> Description of the task: In the records below, find the line that contains "using degree[OF e_in_V]" and the line that contains "using x e_in_C clique_adj by blast", then retype exactly those two lines and every line between them.

> Data for review:

(* Let $X$ be a $G$-space and suppose that for some $k>0$ there is a continuous map $\overline{s_k}\colon P(X/G)\to\mathcal{P}_k(X)$ with $\theta_k\circ\overline{s_k}=\mathrm{id}_{P(X/G)}$. Then $\mathrm{TC}^{G,k+2}(X)\le\mathrm{TC}(X/G)$, and consequently $\mathrm{TC}^{G,\infty}(X)\le\mathrm{TC}(X/G)$.
   Context: All spaces are well-pointed CW complexes, $G$ a topological group acting cellularly. $PX$ is the path space with compact-open topology, $\rho_X\colon X\to X/G$ the orbit map. $\mathcal{P}_k(X)=\{(\gamma_1,\dots,\gamma_k)\in(PX)^k\mid G\gamma_i(1)=G\gamma_{i+1}(0),\ 1\le i\le k-1\}$, and $\pi_k\colon\mathcal{P}_k(X)\to X\times X$, $\pi_k(\gamma_1,\dots,\gamma_k)=(\gamma_1(0),\gamma_k(1))$ (a fibration). The (reduced) sectional category $\mathrm{secat}(f)$ of $f\colon E\to B$ is the least $n\ge0$ such that $B$ has an open cover $U_0,\dots,U_n$ with maps $s_i\colon U_i\to E$ satisfying $f\circ s_i\simeq$ inclusion $U_i\hookrightarrow B$. $\mathrm{TC}(Y)=\mathrm{secat}(PY\to Y\times Y,\ \gamma\mapsto(\gamma(0),\gamma(1)))$ (reduced). $\mathrm{TC}^{G,k}(X)=\mathrm{secat}(\pi_k)$; this is non-increasing in $k$, and $\mathrm{TC}^{G,\infty}(X)=\min_{k\ge1}\mathrm{TC}^{G,k}(X)$. The map $\theta_k\colon\mathcal{P}_k(X)\to P(X/G)$ is $\theta_k(\gamma_1,\dots,\gamma_k)=(\rho_X\circ\gamma_1)*\cdots*(\rho_X\circ\gamma_k)$, the concatenation of the projected paths. *)

theory Defs
  imports "HOL-Analysis.Analysis" "HOL-Algebra.Group"
begin
(* Let $v\ge4$ be an integer with $v\not\equiv2\pmod 4$. Then an optimum $(d,2)$-CDA$((d+1)v^2;5,v)$ exists for every positive integer $d$ with $d+1\le v$.
   Context: Consecutive $t$-way interaction in an $N\times k$ array $A=(a_{ij})$ over a $v$-set $V$: $T=\{(i,x_i),\dots,(i+t-1,x_{i+t-1})\}$, $1\le i\le k-t+1$, $x_r\in V$; $\rho(A,T)=\{r: a_{r,j}=x_j\ \forall (j,x_j)\in T\}$, $\rho(A,\mathcal T)=\bigcup_{T\in\mathcal T}\rho(A,T)$. A $(d,t)$-CDA$(N;k,v)$ is an $N\times k$ array over $V$ in which every $t$ consecutive columns contain every $t$-tuple at least once, and such that for every set $\mathcal T$ of exactly $d$ distinct consecutive $t$-way interactions and every consecutive $t$-way interaction $T$: $\rho(A,T)\subseteq\rho(A,\mathcal T)$ iff $T\in\mathcal T$. It is optimum if $N=(d+1)v^t$. *)

theory Defs
  imports Main
begin

(* An N x k array over the v-set V = {0..<v}: rows 0..<N, columns 0..<k (0-indexed),
   represented as a function A :: nat => nat => nat; entry A r c. *)

definition is_array :: "(nat \<Rightarrow> nat \<Rightarrow> nat) \<Rightarrow> nat \<Rightarrow> nat \<Rightarrow> nat \<Rightarrow> bool" where
  "is_array A N k v \<longleftrightarrow> (\<forall>r<N. \<forall>c<k. A r c < v)"

(* A consecutive t-way interaction {(i,x_0),...,(i+t-1,x_{t-1})} is encoded as the pair (i, xs)
   with start column i (0-indexed, i + t \<le> k) and xs a list of t symbols from V. *)
definition cons_interactions :: "nat \<Rightarrow> nat \<Rightarrow> nat \<Rightarrow> (nat \<times> nat list) set" where
  "cons_interactions k t v =
     {(i, xs). i + t \<le> k \<and> length xs = t \<and> set xs \<subseteq> {0..<v}}"

definition rho :: "(nat \<Rightarrow> nat \<Rightarrow> nat) \<Rightarrow> nat \<Rightarrow> nat \<times> nat list \<Rightarrow> nat set" where
  "rho A N T = {r. r < N \<and> (\<forall>j<length (snd T). A r (fst T + j) = snd T ! j)}"

definition rho_set :: "(nat \<Rightarrow> nat \<Rightarrow> nat) \<Rightarrow> nat \<Rightarrow> (nat \<times> nat list) set \<Rightarrow> nat set" where
  "rho_set A N TT = (\<Union>T\<in>TT. rho A N T)"

definition is_CDA :: "nat \<Rightarrow> nat \<Rightarrow> (nat \<Rightarrow> nat \<Rightarrow> nat) \<Rightarrow> nat \<Rightarrow> nat \<Rightarrow> nat \<Rightarrow> bool" where
  "is_CDA d t A N k v \<longleftrightarrow>
     is_array A N k v \<and>
     (\<forall>T\<in>cons_interactions k t v. rho A N T \<noteq> {}) \<and>
     (\<forall>TT. TT \<subseteq> cons_interactions k t v \<longrightarrow> card TT = d \<longrightarrow>
        (\<forall>T\<in>cons_interactions k t v. rho A N T \<subseteq> rho_set A N TT \<longleftrightarrow> T \<in> TT))"

definition is_optimum_CDA :: "nat \<Rightarrow> nat \<Rightarrow> (nat \<Rightarrow> nat \<Rightarrow> nat) \<Rightarrow> nat \<Rightarrow> nat \<Rightarrow> nat \<Rightarrow> bool" where
  "is_optimum_CDA d t A N k v \<longleftrightarrow> is_CDA d t A N k v \<and> N = (d + 1) * v ^ t"

end

theory Submission
  imports Defs "HOL-Number_Theory.Cong"
begin
lemma regular_clique_nexus_pos:
  assumes "graph V E" "\<not> complete_graph V E" "regular_clique V E C a" "C \<noteq> {}"
  shows "0 < a"
proof -
  have clique: "C \<subseteq> V" "\<And>x y. x \<in> C \<Longrightarrow> y \<in> C \<Longrightarrow> x \<noteq> y \<Longrightarrow> E x y"
    and nexus: "\<And>x. x \<in> V - C \<Longrightarrow> card (nbrs V E x \<inter> C) = a"
    using assms(3) by (auto simp: regular_clique_def clique_def)
  obtain u w where u: "u \<in> C" and w: "w \<in> V" "w \<notin> C"
    using assms(2,4) clique unfolding complete_graph_def by blast
  have "E\<^sup>*\<^sup>* u w"
    using assms(1) u w clique(1) by (auto simp: graph_def)
  then have "\<exists>x y. x \<in> C \<and> y \<notin> C \<and> E x y"
    using w(2)
  proof (induction rule: rtranclp_induct)
    case base
    then show ?case using u by blast
  next
    case (step y z)
    then show ?case by (cases "y \<in> C") auto
  qed
  then obtain x y where "x \<in> C" "y \<notin> C" "E y x"
    using assms(1) unfolding graph_def by blast
  then have "y \<in> V - C" "x \<in> nbrs V E y \<inter> C"
    using assms(1) clique(1) by (auto simp: graph_def nbrs_def)
  moreover have "finite (nbrs V E y \<inter> C)"
    using assms(1) by (simp add: graph_def finite_nbrs)
  ultimately show ?thesis
    using nexus card_gt_0_iff by blast
qed

lemma gdist_le: "(E ^^ m) x y \<Longrightarrow> gdist E x y \<le> m"
  unfolding gdist_def by (rule Least_le)

lemma relpowp_gdist: "(E ^^ m) x y \<Longrightarrow> (E ^^ gdist E x y) x y"
  unfolding gdist_def by (rule LeastI)

lemma diameter_eq_2I:
  assumes "graph V E" "\<not> complete_graph V E"
    and common_nbr: "\<And>x y. x \<in> V \<Longrightarrow> y \<in> V \<Longrightarrow> x \<noteq> y \<Longrightarrow> \<not> E x y \<Longrightarrow>
      nbrs V E x \<inter> nbrs V E y \<noteq> {}"
  shows "diameter V E = 2"
proof -
  have walk: "(E ^^ 2) x y" if "x \<in> V" "y \<in> V" "x \<noteq> y" "\<not> E x y" for x y
    using common_nbr[OF that] assms(1)
    by (auto simp: graph_def nbrs_def numeral_2_eq_2 relcompp_apply)
  have le_2: "gdist E x y \<le> 2" if "x \<in> V" "y \<in> V" for x y
  proof -
    have "(E ^^ 0) x y \<or> (E ^^ 1) x y \<or> (E ^^ 2) x y"
      using walk[OF that] by (cases "x = y") auto
    then show ?thesis
      using gdist_le[of _ E x y] by fastforce
  qed
  obtain x y where xy: "x \<in> V" "y \<in> V" "x \<noteq> y" "\<not> E x y"
    using assms(2) unfolding complete_graph_def by blast
  have "(E ^^ gdist E x y) x y"
    using relpowp_gdist walk[OF xy] .
  then have "gdist E x y \<noteq> 0" "gdist E x y \<noteq> 1"
    using xy by (metis relpowp.simps(1), metis relpowp_1)
  then have "gdist E x y = 2"
    using le_2[OF xy(1,2)] by linarith
  then have "2 \<in> {gdist E x y | x y. x \<in> V \<and> y \<in> V}"
    using xy(1,2) by force
  moreover have "d \<le> 2" if "d \<in> {gdist E x y | x y. x \<in> V \<and> y \<in> V}" for d
    using that le_2 by force
  ultimately show ?thesis
    unfolding diameter_def by (intro Max_eqI finite_nat_set_iff_bounded_le[THEN iffD2]) auto
qed

lemma automorphism_nbrs:
  assumes "automorphism V E f" "x \<in> V"
  shows "nbrs V E (f x) = f ` nbrs V E x"
proof -
  have "f ` V = V" and adj: "\<And>u v. u \<in> V \<Longrightarrow> v \<in> V \<Longrightarrow> E u v \<longleftrightarrow> E (f u) (f v)"
    using assms(1) by (auto simp: automorphism_def bij_betw_def)
  have "nbrs V E (f x) = {v \<in> f ` V. E (f x) v}"
    using \<open>f ` V = V\<close> by (simp add: nbrs_def)
  also have "\<dots> = f ` {u \<in> V. E (f x) (f u)}"
    by blast
  also have "\<dots> = f ` nbrs V E x"
    using adj assms(2) by (auto simp: nbrs_def)
  finally show ?thesis .
qed

lemma automorphism_card_common_nbrs:
  assumes "automorphism V E f" "x \<in> V" "y \<in> V"
  shows "card (nbrs V E (f x) \<inter> nbrs V E (f y)) = card (nbrs V E x \<inter> nbrs V E y)"
proof -
  have inj: "inj_on f V"
    using assms(1) by (auto simp: automorphism_def bij_betw_def)
  then have "nbrs V E (f x) \<inter> nbrs V E (f y) = f ` (nbrs V E x \<inter> nbrs V E y)"
    using automorphism_nbrs[OF assms(1)] assms(2,3) inj_on_image_Int[OF inj nbrs_subset nbrs_subset]
    by simp
  then show ?thesis
    using inj_on_subset[OF inj] nbrs_subset by (metis card_image le_infI1)
qed

lemma vertex_transitive_move_to:
  assumes "vertex_transitive V E" "x \<in> V" "y \<in> V" "e \<in> V"
  obtains y' where "y' \<in> V" "y' = e \<longleftrightarrow> y = x" "E e y' \<longleftrightarrow> E x y"
    "card (nbrs V E x \<inter> nbrs V E y) = card (nbrs V E e \<inter> nbrs V E y')"
proof -
  obtain f where f: "automorphism V E f" "f x = e"
    using assms unfolding vertex_transitive_def by blast
  then have "f y \<in> V" "inj_on f V" "E x y \<longleftrightarrow> E e (f y)"
    using assms(2,3) by (auto simp: automorphism_def bij_betw_def)
  moreover have "f y = e \<longleftrightarrow> y = x"
    using \<open>inj_on f V\<close> f(2) assms(2,3) inj_on_eq_iff by metis
  ultimately show ?thesis
    using that automorphism_card_common_nbrs[OF f(1) assms(2,3)] f(2) by metis
qed

locale neumaier_clique =
  fixes V :: "'a set" and E :: "'a \<Rightarrow> 'a \<Rightarrow> bool"
    and n k lam a c :: nat and C :: "'a set" and e :: 'a
  assumes neumaier: "neumaier V E n k lam a c"
    and regular_clique: "regular_clique V E C a"
    and e_in_C: "e \<in> C"
begin

abbreviation N :: "'a \<Rightarrow> 'a set" where "N \<equiv> nbrs V E"
abbreviation S :: "'a set" where "S \<equiv> N e"
abbreviation W :: "'a set" where "W \<equiv> V - (S \<union> {e})"

lemma graph: "graph V E"
  and not_complete: "\<not> complete_graph V E"
  and card_V: "card V = n"
  and regular: "regular_graph V E k"
  and card_common_nbrs_adjacent: "x \<in> V \<Longrightarrow> y \<in> V \<Longrightarrow> E x y \<Longrightarrow> card (N x \<inter> N y) = lam"
  using neumaier by (auto simp: neumaier_def edge_regular_def)

lemma finite_V: "finite V"
  using graph by (simp add: graph_def)

lemma finite_N: "finite (N x)"
  using finite_V by (rule finite_nbrs)

lemma mem_N_iff: "y \<in> N x \<longleftrightarrow> E x y"
  using graph by (rule mem_nbrs_iff)

lemma adj_sym: "E x y \<Longrightarrow> E y x"
  and adj_irrefl: "\<not> E x x"
  and adj_in_V: "E x y \<Longrightarrow> y \<in> V"
  using graph by (auto simp: graph_def)

lemma degree: "x \<in> V \<Longrightarrow> card (N x) = k"
  using regular by (simp add: regular_graph_def)

lemma C_sub_V: "C \<subseteq> V"
  and clique_adj: "x \<in> C \<Longrightarrow> y \<in> C \<Longrightarrow> x \<noteq> y \<Longrightarrow> E x y"
  and card_nbrs_in_C: "x \<in> V \<Longrightarrow> x \<notin> C \<Longrightarrow> card (N x \<inter> C) = a"
  using regular_clique by (auto simp: regular_clique_def clique_def)

lemma finite_C: "finite C"
  using C_sub_V finite_V finite_subset by blast

lemma e_in_V: "e \<in> V"
  using C_sub_V e_in_C by blast

lemma nexus_pos: "0 < a"
  using regular_clique_nexus_pos[OF graph not_complete regular_clique] e_in_C by blast

lemma e_notin_S: "e \<notin> S"
  by (simp add: mem_N_iff adj_irrefl)

lemma C_minus_e_sub_S: "C - {e} \<subseteq> S"
  using clique_adj[OF e_in_C] mem_N_iff by blast

lemma W_iff: "x \<in> W \<longleftrightarrow> x \<in> V \<and> x \<noteq> e \<and> \<not> E x e"
  by (auto simp: mem_N_iff dest: adj_sym)

lemma W_disjoint_C: "x \<in> W \<Longrightarrow> x \<notin> C"
  using C_minus_e_sub_S by blast

lemma W_nonempty: "W \<noteq> {}"
  using complete_graph_if_universal_vertex[OF graph regular e_in_V] not_complete by blast

lemma C_minus_e_nonempty: "C - {e} \<noteq> {}"
proof
  assume "C - {e} = {}"
  then have "C = {e}"
    using e_in_C by blast
  obtain w where w: "w \<in> W"
    using W_nonempty by blast
  then have "card (N w \<inter> {e}) = a"
    using card_nbrs_in_C W_disjoint_C \<open>C = {e}\<close> by blast
  moreover have "N w \<inter> {e} = {}"
    using w adj_sym by (auto simp: W_iff mem_N_iff)
  ultimately show False
    using nexus_pos by simp
qed

text \<open>If S were contained in C, the degree k = |S| would be at most |C| - 1; but a clique
  vertex adjacent to a vertex outside S \<union> {e} has at least |C| neighbours.\<close>
lemma S_minus_C_nonempty: "S - C \<noteq> {}"
proof
  assume "S - C = {}"
  then have "S \<subseteq> C - {e}"
    using e_notin_S by blast
  then have "k \<le> card C - 1"
    using degree[OF e_in_V] card_mono[of "C - {e}" S] finite_C e_in_C
    by (simp add: card_Diff_singleton)
  obtain w where w: "w \<in> W"
    using W_nonempty by blast
  then have "N w \<inter> C \<noteq> {}"
    using card_nbrs_in_C W_disjoint_C nexus_pos by fastforce
  then obtain y where y: "y \<in> C" "E w y"
    by (auto simp: mem_N_iff)
  have "card C > 0"
    using finite_C y(1) card_gt_0_iff by blast
  have "insert w (C - {y}) \<subseteq> N y"
    using y clique_adj[OF y(1)] adj_sym mem_N_iff by blast
  then have "card (insert w (C - {y})) \<le> k"
    using degree C_sub_V y(1) card_mono[OF finite_N] by fastforce
  moreover have "card (insert w (C - {y})) = card C"
    using finite_C y(1) W_disjoint_C[OF w] \<open>card C > 0\<close> by (simp add: card_Diff_singleton)
  ultimately show False
    using \<open>k \<le> card C - 1\<close> \<open>card C > 0\<close> by linarith
qed

lemma partition: "partition_on V {{e}, C - {e}, S - C, W}"
proof (rule partition_onI)
  show "\<Union>{{e}, C - {e}, S - C, W} = V"
    using e_in_V C_sub_V nbrs_subset[of V E e] by auto
  show "disjnt p q" if "p \<in> {{e}, C - {e}, S - C, W}" "q \<in> {{e}, C - {e}, S - C, W}" "p \<noteq> q"
    for p q
  proof -
    have "disjnt {e} (C - {e})" "disjnt {e} (S - C)" "disjnt {e} W"
      "disjnt (C - {e}) (S - C)" "disjnt (C - {e}) W" "disjnt (S - C) W"
      using e_notin_S C_minus_e_sub_S by (auto simp: disjnt_def)
    then show ?thesis
      using that disjnt_sym by blast
  qed
  show "{} \<notin> {{e}, C - {e}, S - C, W}"
    using C_minus_e_nonempty S_minus_C_nonempty W_nonempty by auto
qed

lemma card_N_inter_S:
  "card (N x \<inter> S) = card (N x \<inter> (C - {e})) + card (N x \<inter> (S - C))"
proof -
  have "N x \<inter> S = (N x \<inter> (C - {e})) \<union> (N x \<inter> (S - C))"
    using C_minus_e_sub_S e_notin_S by auto
  moreover have "(N x \<inter> (C - {e})) \<inter> (N x \<inter> (S - C)) = {}"
    by auto
  ultimately show ?thesis
    using finite_N by (simp add: card_Un_disjoint)
qed

lemma card_nbrs_parts_C_minus_e:
  assumes x: "x \<in> C - {e}"
  shows "card (N x \<inter> {e}) = 1" "card (N x \<inter> (C - {e})) = card C - 2"
    "card (N x \<inter> (S - C)) = lam + 2 - card C"
proof -
  have xe: "E x e"
    using x e_in_C clique_adj by blast
  then show "card (N x \<inter> {e}) = 1"
    by (simp add: mem_N_iff)
  have "N x \<inter> (C - {e}) = C - {e, x}"
    using x clique_adj[of x] adj_irrefl by (auto simp: mem_N_iff)
  moreover have "card (C - {e, x}) = card C - 2"
    using x e_in_C finite_C by (subst card_Diff_subset) auto
  ultimately show in_C: "card (N x \<inter> (C - {e})) = card C - 2"
    by simp
  have "card (N x \<inter> S) = lam"
    using card_common_nbrs_adjacent[OF _ e_in_V xe] x C_sub_V by blast
  moreover have "2 \<le> card C"
    using card_mono[OF finite_C, of "{e, x}"] x e_in_C by auto
  ultimately show "card (N x \<inter> (S - C)) = lam + 2 - card C"
    using card_N_inter_S[of x] in_C by linarith
qed

lemma card_nbrs_parts_S_minus_C:
  assumes x: "x \<in> S - C"
  shows "card (N x \<inter> {e}) = 1" "card (N x \<inter> (C - {e})) = a - 1"
    "card (N x \<inter> (S - C)) = lam + 1 - a"
proof -
  have xV: "x \<in> V" and xe: "E x e"
    using x adj_in_V adj_sym by (auto simp: mem_N_iff)
  then show "card (N x \<inter> {e}) = 1"
    by (simp add: mem_N_iff)
  have "N x \<inter> C = insert e (N x \<inter> (C - {e}))"
    using xe e_in_C by (auto simp: mem_N_iff)
  then have "a = card (N x \<inter> (C - {e})) + 1"
    using card_nbrs_in_C[OF xV] x finite_N by simp
  then show in_C: "card (N x \<inter> (C - {e})) = a - 1"
    by simp
  have "card (N x \<inter> S) = lam"
    using card_common_nbrs_adjacent[OF xV e_in_V xe] .
  then show "card (N x \<inter> (S - C)) = lam + 1 - a"
    using card_N_inter_S[of x] \<open>a = _\<close> by linarith
qed

lemma card_nbrs_parts_W:
  assumes x: "x \<in> W"
  shows "card (N x \<inter> {e}) = 0" "card (N x \<inter> (C - {e})) = a"
proof -
  have "N x \<inter> {e} = {}" "N x \<inter> (C - {e}) = N x \<inter> C"
    using x adj_sym by (auto simp: mem_N_iff)
  then show "card (N x \<inter> {e}) = 0" "card (N x \<inter> (C - {e})) = a"
    using x card_nbrs_in_C W_disjoint_C by auto
qed

lemma card_common_nbrs_W: "x \<in> W \<Longrightarrow> card (S \<inter> N x) = a + card (N x \<inter> (S - C))"
  using card_N_inter_S[of x] card_nbrs_parts_W[of x] by (simp add: Int_commute)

> The completed task:
    using degree[OF e_in_V] card_mono[of "C - {e}" S] finite_C e_in_C
    by (simp add: card_Diff_singleton)
  obtain w where w: "w \<in> W"
    using W_nonempty by blast
  then have "N w \<inter> C \<noteq> {}"
    using card_nbrs_in_C W_disjoint_C nexus_pos by fastforce
  then obtain y where y: "y \<in> C" "E w y"
    by (auto simp: mem_N_iff)
  have "card C > 0"
    using finite_C y(1) card_gt_0_iff by blast
  have "insert w (C - {y}) \<subseteq> N y"
    using y clique_adj[OF y(1)] adj_sym mem_N_iff by blast
  then have "card (insert w (C - {y})) \<le> k"
    using degree C_sub_V y(1) card_mono[OF finite_N] by fastforce
  moreover have "card (insert w (C - {y})) = card C"
    using finite_C y(1) W_disjoint_C[OF w] \<open>card C > 0\<close> by (simp add: card_Diff_singleton)
  ultimately show False
    using \<open>k \<le> card C - 1\<close> \<open>card C > 0\<close> by linarith
qed

lemma partition: "partition_on V {{e}, C - {e}, S - C, W}"
proof (rule partition_onI)
  show "\<Union>{{e}, C - {e}, S - C, W} = V"
    using e_in_V C_sub_V nbrs_subset[of V E e] by auto
  show "disjnt p q" if "p \<in> {{e}, C - {e}, S - C, W}" "q \<in> {{e}, C - {e}, S - C, W}" "p \<noteq> q"
    for p q
  proof -
    have "disjnt {e} (C - {e})" "disjnt {e} (S - C)" "disjnt {e} W"
      "disjnt (C - {e}) (S - C)" "disjnt (C - {e}) W" "disjnt (S - C) W"
      using e_notin_S C_minus_e_sub_S by (auto simp: disjnt_def)
    then show ?thesis
      using that disjnt_sym by blast
  qed
  show "{} \<notin> {{e}, C - {e}, S - C, W}"
    using C_minus_e_nonempty S_minus_C_nonempty W_nonempty by auto
qed

lemma card_N_inter_S:
  "card (N x \<inter> S) = card (N x \<inter> (C - {e})) + card (N x \<inter> (S - C))"
proof -
  have "N x \<inter> S = (N x \<inter> (C - {e})) \<union> (N x \<inter> (S - C))"
    using C_minus_e_sub_S e_notin_S by auto
  moreover have "(N x \<inter> (C - {e})) \<inter> (N x \<inter> (S - C)) = {}"
    by auto
  ultimately show ?thesis
    using finite_N by (simp add: card_Un_disjoint)
qed

lemma card_nbrs_parts_C_minus_e:
  assumes x: "x \<in> C - {e}"
  shows "card (N x \<inter> {e}) = 1" "card (N x \<inter> (C - {e})) = card C - 2"
    "card (N x \<inter> (S - C)) = lam + 2 - card C"
proof -
  have xe: "E x e"
    using x e_in_C clique_adj by blast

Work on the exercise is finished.